── SOURCE MATERIAL
(* (1) Every PP-rich set in $(\mathbb{N},+)$ contains a family of $2^\omega$ almost disjoint subsets each of which is PP-rich. (2) Every PP-rich set in $(\mathbb{N},+)$ can be split into $\omega$ pairwise disjoint subsets each of which is PP-rich.
   Context: $\mathbb{N}=\{1,2,\dots\}$. $\mathbb{P}$ denotes the set of polynomials with coefficients in $\mathbb{N}\cup\{0\}$ and zero constant term which map $\mathbb{N}$ into $\mathbb{N}$; $\mathcal{P}_f(\mathbb{P})$ is the set of nonempty finite subsets of $\mathbb{P}$. $A\subseteq\mathbb{N}$ is PP-rich if for every $R\in\mathcal{P}_f(\mathbb{P})$ there exist $a,x\in\mathbb{N}$ with $\{a+f(x): f\in R\}\subseteq A$. For an infinite set $X$, a family of almost disjoint subsets of $X$ consists of subsets of $X$ of cardinality $|X|$ any two distinct of which meet in a set of cardinality less than $|X|$. *)

theory Defs
  imports "HOL-Computational_Algebra.Polynomial" "HOL-Library.Equipollence"
begin

definition PPolys :: "nat poly set" where
  "PPolys = {p. poly p 0 = 0 \<and> (\<forall>n::nat. n \<ge> 1 \<longrightarrow> poly p n \<ge> 1)}"

definition PP_rich :: "nat set \<Rightarrow> bool" where
  "PP_rich A \<longleftrightarrow> (\<forall>R. finite R \<and> R \<noteq> {} \<and> R \<subseteq> PPolys \<longrightarrow>
      (\<exists>a x::nat. a \<ge> 1 \<and> x \<ge> 1 \<and> (\<forall>f\<in>R. a + poly f x \<in> A)))"

end

theory Submission
  imports Defs "HOL-Library.Countable_Set" "HOL-Library.Disjoint_Sets"
begin

text \<open>
  Removing finitely many points preserves PP-richness: replacing each \<open>f \<in> R\<close> by
  \<open>f(c x)\<close> with \<open>c > max F\<close> pushes every point \<open>a + f(c x)\<close> of a configuration above \<open>F\<close>.
  Hence, for any sequence of patterns \<open>Q i \<in> \<P>\<^sub>f(\<bbbP>)\<close>, configurations \<open>W i \<subseteq> A\<close> for
  \<open>Q i\<close> can be chosen greedily, each avoiding the finitely many points used before, so
  that the \<open>W i\<close> are finite and pairwise disjoint. A union of \<open>W i\<close> over indices whose
  patterns exhaust \<open>\<P>\<^sub>f(\<bbbP>)\<close> is PP-rich.

  For (1), index by the nodes of the binary tree, giving every node of depth \<open>k\<close> the
  \<open>k\<close>-th pattern: the unions along the \<open>2\<^sup>\<omega>\<close> branches are PP-rich, and two of them
  meet in a finite set because two branches share only finitely many nodes.
  For (2), index by pairs \<open>(i, r)\<close>, let \<open>D i\<close> collect the \<open>W (i, r)\<close>, and add the
  rest of \<open>A\<close> to \<open>D 0\<close>.
\<close>

lemma PPolys_poly_ge:
  assumes "f \<in> PPolys" "1 \<le> y"
  shows "y \<le> poly f y"
proof -
  obtain c p where f: "f = pCons c p" by (cases f) auto
  have "c = 0" using assms(1) f by (simp add: PPolys_def)
  then have "poly f y = y * poly p y" using f by simp
  moreover have "poly f y \<ge> 1" using assms by (simp add: PPolys_def)
  ultimately show ?thesis by (cases "poly p y") auto
qed

lemma PPolys_pcompose_scale:
  assumes "f \<in> PPolys" "1 \<le> c"
  shows "f \<circ>\<^sub>p [:0, c:] \<in> PPolys"
  using assms by (auto simp: PPolys_def poly_pcompose)

definition Pf_PPolys :: "nat poly set set" where
  "Pf_PPolys = {R. finite R \<and> R \<noteq> {} \<and> R \<subseteq> PPolys}"

definition has_config :: "nat set \<Rightarrow> nat poly set \<Rightarrow> bool" where
  "has_config B R \<longleftrightarrow> (\<exists>a x::nat. a \<ge> 1 \<and> x \<ge> 1 \<and> (\<forall>f\<in>R. a + poly f x \<in> B))"

lemma PP_rich_iff_has_config: "PP_rich A \<longleftrightarrow> (\<forall>R\<in>Pf_PPolys. has_config A R)"
  by (auto simp: PP_rich_def Pf_PPolys_def has_config_def)

lemma has_config_mono: "has_config B R \<Longrightarrow> B \<subseteq> C \<Longrightarrow> has_config C R"
  unfolding has_config_def by blast

lemma PP_rich_mono: "PP_rich A \<Longrightarrow> A \<subseteq> B \<Longrightarrow> PP_rich B"
  by (meson PP_rich_iff_has_config has_config_mono)

lemma has_config_finite_subset:
  assumes "has_config B R" "finite R"
  obtains C where "C \<subseteq> B" "finite C" "has_config C R"
proof -
  obtain a x where ax: "a \<ge> 1" "x \<ge> 1" "\<forall>f\<in>R. a + poly f x \<in> B"
    using assms(1) unfolding has_config_def by blast
  show thesis
  proof
    show "(\<lambda>f. a + poly f x) ` R \<subseteq> B" "finite ((\<lambda>f. a + poly f x) ` R)"
      using ax assms(2) by auto
    show "has_config ((\<lambda>f. a + poly f x) ` R) R"
      using ax unfolding has_config_def by blast
  qed
qed

lemma countable_Pf_PPolys: "countable Pf_PPolys"
proof -
  have "countable (UNIV :: nat poly set)"
    by (rule countable_image_inj_on[where f = coeffs]) (auto simp: inj_on_def coeffs_eq_iff)
  then have "countable {R. finite R \<and> R \<subseteq> (UNIV :: nat poly set)}"
    by (rule countable_Collect_finite_subset)
  then show ?thesis
    by (rule countable_subset[rotated]) (auto simp: Pf_PPolys_def)
qed

lemma singleton_pX_in_Pf_PPolys: "{[:0, 1:]} \<in> Pf_PPolys"
  by (auto simp: Pf_PPolys_def PPolys_def)

lemma range_enumeration_Pf_PPolys:
  obtains e :: "nat \<Rightarrow> nat poly set" where "range e = Pf_PPolys"
proof
  show "range (from_nat_into Pf_PPolys) = Pf_PPolys"
    using countable_Pf_PPolys singleton_pX_in_Pf_PPolys by (intro range_from_nat_into) auto
qed

lemma PP_rich_above:
  assumes "PP_rich A"
  shows "PP_rich {n\<in>A. m < n}"
  unfolding PP_rich_iff_has_config
proof
  fix R assume R: "R \<in> Pf_PPolys"
  define c where "c = Suc m"
  have scale: "poly (f \<circ>\<^sub>p [:0, c:]) x = poly f (c * x)" for f x
    by (simp add: poly_pcompose mult.commute)
  have "(\<lambda>f. f \<circ>\<^sub>p [:0, c:]) ` R \<in> Pf_PPolys"
    using R PPolys_pcompose_scale[of _ c] by (auto simp: Pf_PPolys_def c_def)
  then obtain a x where ax: "a \<ge> 1" "x \<ge> 1"
    and in_A: "\<forall>g\<in>(\<lambda>f. f \<circ>\<^sub>p [:0, c:]) ` R. a + poly g x \<in> A"
    using assms unfolding PP_rich_iff_has_config has_config_def by blast
  have "a + poly f (c * x) \<in> {n\<in>A. m < n}" if "f \<in> R" for f
  proof (intro CollectI conjI)
    show "a + poly f (c * x) \<in> A" using in_A that by (simp add: scale)
    have "m < c" by (simp add: c_def)
    also have "c \<le> c * x" using ax(2) by simp
    also have "c * x \<le> poly f (c * x)"
      using that R ax(2) PPolys_poly_ge unfolding Pf_PPolys_def c_def by force
    also have "\<dots> \<le> a + poly f (c * x)" by simp
    finally show "m < a + poly f (c * x)" .
  qed
  moreover have "1 \<le> c * x" using ax(2) by (simp add: c_def)
  ultimately show "has_config {n\<in>A. m < n} R"
    unfolding has_config_def using ax(1) by blast
qed

lemma PP_rich_Diff_finite:
  assumes "PP_rich A" "finite F"
  shows "PP_rich (A - F)"
proof (rule PP_rich_mono)
  show "PP_rich {n\<in>A. Max F < n}" using assms(1) by (rule PP_rich_above)
  show "{n\<in>A. Max F < n} \<subseteq> A - F" using assms(2) by (auto dest: Max_ge)
qed

lemma PP_rich_infinite:
  assumes "PP_rich A"
  shows "infinite A"
proof
  assume "finite A"
  with assms have "PP_rich {}" using PP_rich_Diff_finite by fastforce
  then have "has_config {} {[:0, 1:]}"
    using singleton_pX_in_Pf_PPolys unfolding PP_rich_iff_has_config by blast
  then show False by (simp add: has_config_def)
qed

lemma PP_rich_disjoint_configs_nat:
  fixes Q :: "nat \<Rightarrow> nat poly set"
  assumes "PP_rich A" "\<And>n. Q n \<in> Pf_PPolys"
  obtains W where "\<And>n. W n \<subseteq> A" "\<And>n. finite (W n)" "\<And>n. has_config (W n) (Q n)"
    "disjoint_family W"
proof -
  have "\<exists>C. C \<subseteq> A - F \<and> finite C \<and> has_config C (Q n)" if "finite F" for F n
  proof -
    have "has_config (A - F) (Q n)"
      using PP_rich_Diff_finite[OF assms(1) that] assms(2) unfolding PP_rich_iff_has_config by blast
    moreover have "finite (Q n)" using assms(2) by (simp add: Pf_PPolys_def)
    ultimately show ?thesis by (blast elim: has_config_finite_subset)
  qed
  then obtain pick where pick: "\<And>F n. finite F \<Longrightarrow>
      pick F n \<subseteq> A - F \<and> finite (pick F n) \<and> has_config (pick F n) (Q n)"
    by metis
  \<comment> \<open>\<open>U n\<close> is the set of points used by \<open>W 0, \<dots>, W (n - 1)\<close>.\<close>
  define U where "U = rec_nat {} (\<lambda>n U. U \<union> pick U n)"
  have U_0: "U 0 = {}" and U_Suc: "U (Suc n) = U n \<union> pick (U n) n" for n
    by (simp_all add: U_def)
  have U_finite: "finite (U n)" for n
    by (induction n) (simp_all add: U_0 U_Suc pick)
  define W where "W n = pick (U n) n" for n
  have W_sub_U: "W m \<subseteq> U n" if "m < n" for m n
    using that by (induction n) (auto simp: U_Suc W_def less_Suc_eq)
  have W_notin_U: "W n \<inter> U n = {}" for n
    using pick[OF U_finite] by (auto simp: W_def)
  show thesis
  proof
    show "W n \<subseteq> A" "finite (W n)" "has_config (W n) (Q n)" for n
      using pick[OF U_finite] by (auto simp: W_def)
    show "disjoint_family W"
      unfolding disjoint_family_on_def
    proof (intro ballI impI)
      fix m n :: nat assume "m \<noteq> n"
      then consider "m < n" | "n < m" by linarith
      then show "W m \<inter> W n = {}"
        using W_sub_U W_notin_U by cases blast+
    qed
  qed
qed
────
— PROBLEM DESCRIPTION —
After locating the line containing "ultimately show ?thesis by (blast", give that line and every later line of the listing again exactly, up to and including the last.

— FINAL ANSWER —
    ultimately show ?thesis by (blast elim: has_config_finite_subset)
  qed
  then obtain pick where pick: "\<And>F n. finite F \<Longrightarrow>
      pick F n \<subseteq> A - F \<and> finite (pick F n) \<and> has_config (pick F n) (Q n)"
    by metis
  \<comment> \<open>\<open>U n\<close> is the set of points used by \<open>W 0, \<dots>, W (n - 1)\<close>.\<close>
  define U where "U = rec_nat {} (\<lambda>n U. U \<union> pick U n)"
  have U_0: "U 0 = {}" and U_Suc: "U (Suc n) = U n \<union> pick (U n) n" for n
    by (simp_all add: U_def)
  have U_finite: "finite (U n)" for n
    by (induction n) (simp_all add: U_0 U_Suc pick)
  define W where "W n = pick (U n) n" for n
  have W_sub_U: "W m \<subseteq> U n" if "m < n" for m n
    using that by (induction n) (auto simp: U_Suc W_def less_Suc_eq)
  have W_notin_U: "W n \<inter> U n = {}" for n
    using pick[OF U_finite] by (auto simp: W_def)
  show thesis
  proof
    show "W n \<subseteq> A" "finite (W n)" "has_config (W n) (Q n)" for n
      using pick[OF U_finite] by (auto simp: W_def)
    show "disjoint_family W"
      unfolding disjoint_family_on_def
    proof (intro ballI impI)
      fix m n :: nat assume "m \<noteq> n"
      then consider "m < n" | "n < m" by linarith
      then show "W m \<inter> W n = {}"
        using W_sub_U W_notin_U by cases blast+
    qed
  qed
qed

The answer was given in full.